On 1 March 2014, I’ll be the Vice-Chancellor of Victoria University of Wellington. That’s who I will be.

But who am I now? I can already hear students asking, “Grant? Who’s he when he’s at home?” I phoned Pat Walsh for some advice. He laughed. I heard a crackle. It sounded like some water had dripped into the mouthpiece. Tears? “Know who you are?” he cawed. “I’ve been Vice-Chancellor since 2005, and people still think I’m Peter Dunne!” Unsure of how to best present myself to the staff and students of Victoria, I asked Pat for some guidance.

“Do I tell them I’m from Auckland?”

“Avoid that at all costs. If they find out … Quit.”

“What about that I was Dean of the Faculty of Sciences at the University of Auckland?”

“Probably not.”

“Does anyone even know what science is, in Wellington?”

“Only the social ones.”

“I see. Well then, do I tell them that I have a Bachelor of Philosophy?”

“Yes, I think they would like that. Where did you study?”

“Massey.”

“Ah. Best to keep that one under your hat.”

“I’ve also trained in Veterinary Sciences.”

“Good. You’ll need that here. It’s a zoo. What do you know about dinosaurs?”

Feeling disheartened, I wondered if anyone would remember me from previous media appearances. I hope not; my media presence doesn’t extend much beyond my staunch opposition to the introduction of millions of dung beetles to New Zealand to speed up the burial of livestock manure. I used to have nightmares about shaking the damned things from my boots, while children consumed cowpat-filled dung beetles. There was just poo everywhere. Now I have nightmares about becoming Wellington’s resident Dung-Beetle Guy.

I asked Pat about his time in the role, to gauge an impression of what would be expected of me as Vice-Chancellor.

“Oh, well. I ah, I manage and coordinate, I suppose.”
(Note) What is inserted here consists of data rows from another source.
definition lc_cauchy_filter :: "('a::complex_vector \<Rightarrow> real) set \<Rightarrow> 'a filter \<Rightarrow> bool" where
  "lc_cauchy_filter S F \<longleftrightarrow> F \<noteq> bot \<and>
     (\<forall>p\<in>S. \<forall>\<epsilon>>0. eventually (\<lambda>(x, y). p (x - y) < \<epsilon>) (F \<times>\<^sub>F F))"

definition lc_converges :: "('a::complex_vector \<Rightarrow> real) set \<Rightarrow> 'a filter \<Rightarrow> 'a \<Rightarrow> bool" where
  "lc_converges S F a \<longleftrightarrow> (\<forall>p\<in>S. \<forall>\<epsilon>>0. eventually (\<lambda>x. p (x - a) < \<epsilon>) F)"

text \<open>\<open>lcqsa A0 mul star S e\<close>: the (carrier type of) \<A> with the subspace \<A>0, the
  multiplication (meaningful when one factor lies in \<A>0: on \<A>0 \<times> \<A>0 it is the product of
  \<A>0; a x and x a for a \<in> \<A>, x \<in> \<A>0 are the extensions by continuity), the involution,
  the family of seminorms defining \<tau> and the identity e.\<close>
definition lcqsa :: "'a::complex_vector set \<Rightarrow> ('a \<Rightarrow> 'a \<Rightarrow> 'a) \<Rightarrow> ('a \<Rightarrow> 'a)
     \<Rightarrow> ('a \<Rightarrow> real) set \<Rightarrow> 'a \<Rightarrow> bool" where
  "lcqsa A0 mul star S e \<longleftrightarrow>
     \<comment> \<open>\<tau> is a Hausdorff locally convex topology given by a directed family of seminorms\<close>
     S \<noteq> {} \<and> (\<forall>p\<in>S. seminorm_c p) \<and>
     (\<forall>p\<in>S. \<forall>q\<in>S. \<exists>r\<in>S. \<forall>x. max (p x) (q x) \<le> r x) \<and>
     (\<forall>x. (\<forall>p\<in>S. p x = 0) \<longrightarrow> x = 0) \<and>
     \<comment> \<open>\<A>0 is a *-algebra with identity e\<close>
     0 \<in> A0 \<and> (\<forall>x\<in>A0. \<forall>y\<in>A0. \<forall>c. x + y \<in> A0 \<and> c *\<^sub>C x \<in> A0 \<and> mul x y \<in> A0 \<and> star x \<in> A0) \<and>
     (\<forall>x\<in>A0. \<forall>y\<in>A0. \<forall>z\<in>A0. mul (mul x y) z = mul x (mul y z)) \<and>
     (\<forall>x\<in>A0. \<forall>y\<in>A0. star (mul x y) = mul (star y) (star x)) \<and>
     e \<in> A0 \<and> (\<forall>a. mul e a = a \<and> mul a e = a) \<and>
     \<comment> \<open>involution on \<A>: conjugate-linear, involutive, continuous\<close>
     (\<forall>a b c d. star (c *\<^sub>C a + d *\<^sub>C b) = cnj c *\<^sub>C star a + cnj d *\<^sub>C star b) \<and>
     (\<forall>a. star (star a) = a) \<and> lc_continuous S star \<and>
     \<comment> \<open>products a x, x a (x \<in> \<A>0): linear in a and continuous in a;
         bilinearity on \<A>0 \<times> \<A>0 follows\<close>
     (\<forall>x\<in>A0. clinear_on UNIV (\<lambda>a. mul a x) \<and> clinear_on UNIV (\<lambda>a. mul x a) \<and>
              lc_continuous S (\<lambda>a. mul a x) \<and> lc_continuous S (\<lambda>a. mul x a)) \<and>
     (\<forall>x\<in>A0. clinear_on A0 (\<lambda>y. mul x y)) \<and>
     \<comment> \<open>\<A> is the \<tau>-completion of \<A>0: \<A>0 is dense and \<A> is complete\<close>
     (\<forall>a. \<forall>p\<in>S. \<forall>\<epsilon>>0. \<exists>x\<in>A0. p (a - x) < \<epsilon>) \<and>
     (\<forall>F. lc_cauchy_filter S F \<longrightarrow> (\<exists>a. lc_converges S F a))"

text \<open>The operators \<pi>_\<omega>(x) (x \<in> \<A>) on
  D = \<lambda>(\<A>0) are \<pi>_\<omega>(x) \<lambda>(a) = \<lambda>(x a).\<close>
definition gns :: "'a::complex_vector set \<Rightarrow> ('a \<Rightarrow> 'a \<Rightarrow> 'a) \<Rightarrow> ('a \<Rightarrow> 'a) \<Rightarrow> ('a \<Rightarrow> complex)
     \<Rightarrow> ('a \<Rightarrow> 'h::chilbert_space) \<Rightarrow> bool" where
  "gns A0 mul star \<omega> lam \<longleftrightarrow>
     clinear_on UNIV lam \<and> closure (lam ` A0) = UNIV \<and>
     (\<forall>x\<in>A0. \<forall>a. cinner (lam x) (lam a) = \<omega> (mul (star a) x))"

text \<open>Weak commutant of \<M> = \<pi>_\<omega>(\<A>), with X = \<pi>_\<omega>(x), X-dagger = \<pi>_\<omega>(x*),
  \<xi> = \<lambda>(a), \<eta> = \<lambda>(c) (a, c \<in> \<A>0).\<close>
definition weak_commutant_pi :: "'a::complex_vector set \<Rightarrow> ('a \<Rightarrow> 'a \<Rightarrow> 'a) \<Rightarrow> ('a \<Rightarrow> 'a)
     \<Rightarrow> ('a \<Rightarrow> 'h::chilbert_space) \<Rightarrow> ('h \<Rightarrow> 'h) set" where
  "weak_commutant_pi A0 mul star lam =
     {C. bounded_clinear_op C \<and>
         (\<forall>x. \<forall>a\<in>A0. \<forall>c\<in>A0.
            cinner (lam (mul x a)) (adj C (lam c)) = cinner (C (lam a)) (lam (mul (star x) c)))}"

end

theory Submission
  imports Defs
begin

(* Each pi(x), x in A0, is bounded on the dense domain lam(A0) and therefore extends to a
   bounded operator T_x on H whose adjoint is T_{x*}. The weak commutant of pi(A) is then the
   ordinary commutant of the self-adjoint family {T_x : x in A0}: for x in A0 the defining
   identity of the weak commutant is C T_x = T_x C tested on lam(A0), and it extends to all
   x in A because both of its sides are tau-continuous in x, a consequence of
   norm (lam a) <= p a. The commutant of a self-adjoint family of bounded operators is a von
   Neumann algebra, and the projection onto a closed subspace invariant under such a family
   lies in its commutant; H^b is invariant because T_x lam(y b) = lam((x y) b). *)

section \<open>Complex inner product spaces\<close>

interpretation cvs: module "scaleC :: complex \<Rightarrow> 'a::complex_vector \<Rightarrow> 'a"
  by standard (auto simp: scaleC_add_right scaleC_add_left scaleC_scaleC scaleC_one)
“Manage and coordinate what?”

“Papers on my desk. My pens. The contents of my lunch box. If there’s one piece of advice I can give you, it’s that you can never have enough Post-it notes. Oh! And don’t go for a wander at ten minutes to the hour, in case someone asks you for directions.”

“Is there anything more you wish you had achieved in your time at Victoria?”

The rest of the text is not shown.